lemma orlicz_translate_modular_le_Psi:
  fixes u :: "'a::euclidean_space \<Rightarrow> real" and h :: 'a
  assumes G: "orlicz G" "\<forall>t\<ge>0. G (2 * t) \<le> c * G t" "0 \<le> c"
    and h: "0 \<le> s" "0 < norm h" "norm h \<le> 1" "norm h \<le> \<delta>"
    and u: "u \<in> borel_measurable lebesgue"
  shows "(\<integral>\<^sup>+x. ennreal (G \<bar>u (x + h) - u x\<bar>) \<partial>lebesgue)
    \<le> ennreal (c * 2 ^ DIM('a) / unit_ball_vol DIM('a) * norm h powr s) * Psi s G \<delta> u"
proof -
  define F where "F x = (\<integral>\<^sup>+y. gagliardo_kernel s G \<delta> u x y \<partial>lebesgue)" for x
  define k where "k = c * 2 ^ DIM('a) / (2 * unit_ball_vol DIM('a)) * norm h powr s"
  have "0 \<le> k"
    using G(3) by (simp add: k_def)
  have F: "F \<in> borel_measurable lebesgue"
    unfolding F_def by (rule gagliardo_kernel_integral_measurable(2)[OF u orlicz_mono_on[OF G(1)]])
  then have "(\<lambda>x. F (x + h)) \<in> borel_measurable lebesgue"
    by (rule measurable_compose[OF lebesgue_translate_measurable])
  have Psi: "Psi s G \<delta> u = (\<integral>\<^sup>+x. F x \<partial>lebesgue)"
    unfolding Psi_gagliardo_kernel F_def ..
  have "(\<integral>\<^sup>+x. ennreal (G \<bar>u (x + h) - u x\<bar>) \<partial>lebesgue) \<le> (\<integral>\<^sup>+x. ennreal k * (F (x + h) + F x) \<partial>lebesgue)"
    unfolding k_def F_def
    by (intro nn_integral_mono orlicz_increment_le_gagliardo_integrals[OF G h u])
  also have "\<dots> = ennreal k * ((\<integral>\<^sup>+x. F (x + h) \<partial>lebesgue) + (\<integral>\<^sup>+x. F x \<partial>lebesgue))"
    using F \<open>(\<lambda>x. F (x + h)) \<in> borel_measurable lebesgue\<close>
    by (simp add: nn_integral_cmult nn_integral_add)
  also have "\<dots> = ennreal k * (2 * Psi s G \<delta> u)"
    unfolding Psi nn_integral_lebesgue_translate[OF F] mult_2 ..
  also have "\<dots> = ennreal (2 * k) * Psi s G \<delta> u"
    using \<open>0 \<le> k\<close> by (simp add: ennreal_mult mult_ac)
  also have "2 * k = c * 2 ^ DIM('a) / unit_ball_vol DIM('a) * norm h powr s"
    by (simp add: k_def)
  finally show ?thesis .
qed

theorem lemma2p12:
  fixes G :: "real \<Rightarrow> real" and s \<delta> :: real
  assumes "\<delta> > 0" and "0 < s" and "s < 1" and "orlicz G"
  shows "\<exists>C>0. \<forall>(u :: 'a::euclidean_space \<Rightarrow> real) \<in> W_sGdelta s G \<delta>. \<forall>h :: 'a.
           0 < norm h \<and> norm h < min (1/2) \<delta> \<longrightarrow>
           (\<integral>\<^sup>+ x. ennreal (G \<bar>u (x + h) - u x\<bar>) \<partial>lebesgue)
             \<le> ennreal (C * norm h powr s) * Psi s G \<delta> u"
proof -
  obtain c where c: "c > 2" "\<forall>t\<ge>0. G (2 * t) \<le> c * G t"
    using assms(4) by (auto simp: orlicz_def)
  define C where "C = c * 2 ^ DIM('a) / unit_ball_vol DIM('a)"
  have "C > 0"
    using c(1) by (simp add: C_def)
  moreover have "(\<integral>\<^sup>+ x. ennreal (G \<bar>u (x + h) - u x\<bar>) \<partial>lebesgue) \<le> ennreal (C * norm h powr s) * Psi s G \<delta> u"
    if "u \<in> W_sGdelta s G \<delta>" "0 < norm h" "norm h < min (1/2) \<delta>" for u :: "'a \<Rightarrow> real" and h :: 'a
    unfolding C_def using that assms(2) c
    by (intro orlicz_translate_modular_le_Psi[OF assms(4)]) (auto simp: W_sGdelta_def LG_def)
  ultimately show ?thesis
    by blast
qed

end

────

--- Work to complete ---
Each line of the data is to be transcribed exactly.

--- Answer for this exercise ---
lemma orlicz_translate_modular_le_Psi:
  fixes u :: "'a::euclidean_space \<Rightarrow> real" and h :: 'a
  assumes G: "orlicz G" "\<forall>t\<ge>0. G (2 * t) \<le> c * G t" "0 \<le> c"
    and h: "0 \<le> s" "0 < norm h" "norm h \<le> 1" "norm h \<le> \<delta>"
    and u: "u \<in> borel_measurable lebesgue"
  shows "(\<integral>\<^sup>+x. ennreal (G \<bar>u (x + h) - u x\<bar>) \<partial>lebesgue)
    \<le> ennreal (c * 2 ^ DIM('a) / unit_ball_vol DIM('a) * norm h powr s) * Psi s G \<delta> u"
proof -
  define F where "F x = (\<integral>\<^sup>+y. gagliardo_kernel s G \<delta> u x y \<partial>lebesgue)" for x
  define k where "k = c * 2 ^ DIM('a) / (2 * unit_ball_vol DIM('a)) * norm h powr s"
  have "0 \<le> k"
    using G(3) by (simp add: k_def)
  have F: "F \<in> borel_measurable lebesgue"
    unfolding F_def by (rule gagliardo_kernel_integral_measurable(2)[OF u orlicz_mono_on[OF G(1)]])
  then have "(\<lambda>x. F (x + h)) \<in> borel_measurable lebesgue"
    by (rule measurable_compose[OF lebesgue_translate_measurable])
  have Psi: "Psi s G \<delta> u = (\<integral>\<^sup>+x. F x \<partial>lebesgue)"
    unfolding Psi_gagliardo_kernel F_def ..
  have "(\<integral>\<^sup>+x. ennreal (G \<bar>u (x + h) - u x\<bar>) \<partial>lebesgue) \<le> (\<integral>\<^sup>+x. ennreal k * (F (x + h) + F x) \<partial>lebesgue)"
    unfolding k_def F_def
    by (intro nn_integral_mono orlicz_increment_le_gagliardo_integrals[OF G h u])
  also have "\<dots> = ennreal k * ((\<integral>\<^sup>+x. F (x + h) \<partial>lebesgue) + (\<integral>\<^sup>+x. F x \<partial>lebesgue))"
    using F \<open>(\<lambda>x. F (x + h)) \<in> borel_measurable lebesgue\<close>
    by (simp add: nn_integral_cmult nn_integral_add)
  also have "\<dots> = ennreal k * (2 * Psi s G \<delta> u)"
    unfolding Psi nn_integral_lebesgue_translate[OF F] mult_2 ..
  also have "\<dots> = ennreal (2 * k) * Psi s G \<delta> u"
    using \<open>0 \<le> k\<close> by (simp add: ennreal_mult mult_ac)
  also have "2 * k = c * 2 ^ DIM('a) / unit_ball_vol DIM('a) * norm h powr s"
    by (simp add: k_def)
  finally show ?thesis .
qed

theorem lemma2p12:
  fixes G :: "real \<Rightarrow> real" and s \<delta> :: real
  assumes "\<delta> > 0" and "0 < s" and "s < 1" and "orlicz G"
  shows "\<exists>C>0. \<forall>(u :: 'a::euclidean_space \<Rightarrow> real) \<in> W_sGdelta s G \<delta>. \<forall>h :: 'a.
           0 < norm h \<and> norm h < min (1/2) \<delta> \<longrightarrow>
           (\<integral>\<^sup>+ x. ennreal (G \<bar>u (x + h) - u x\<bar>) \<partial>lebesgue)
             \<le> ennreal (C * norm h powr s) * Psi s G \<delta> u"
proof -
  obtain c where c: "c > 2" "\<forall>t\<ge>0. G (2 * t) \<le> c * G t"
    using assms(4) by (auto simp: orlicz_def)
  define C where "C = c * 2 ^ DIM('a) / unit_ball_vol DIM('a)"
  have "C > 0"
    using c(1) by (simp add: C_def)
  moreover have "(\<integral>\<^sup>+ x. ennreal (G \<bar>u (x + h) - u x\<bar>) \<partial>lebesgue) \<le> ennreal (C * norm h powr s) * Psi s G \<delta> u"
    if "u \<in> W_sGdelta s G \<delta>" "0 < norm h" "norm h < min (1/2) \<delta>" for u :: "'a \<Rightarrow> real" and h :: 'a
    unfolding C_def using that assms(2) c
    by (intro orlicz_translate_modular_le_Psi[OF assms(4)]) (auto simp: W_sGdelta_def LG_def)
  ultimately show ?thesis
    by blast
qed

end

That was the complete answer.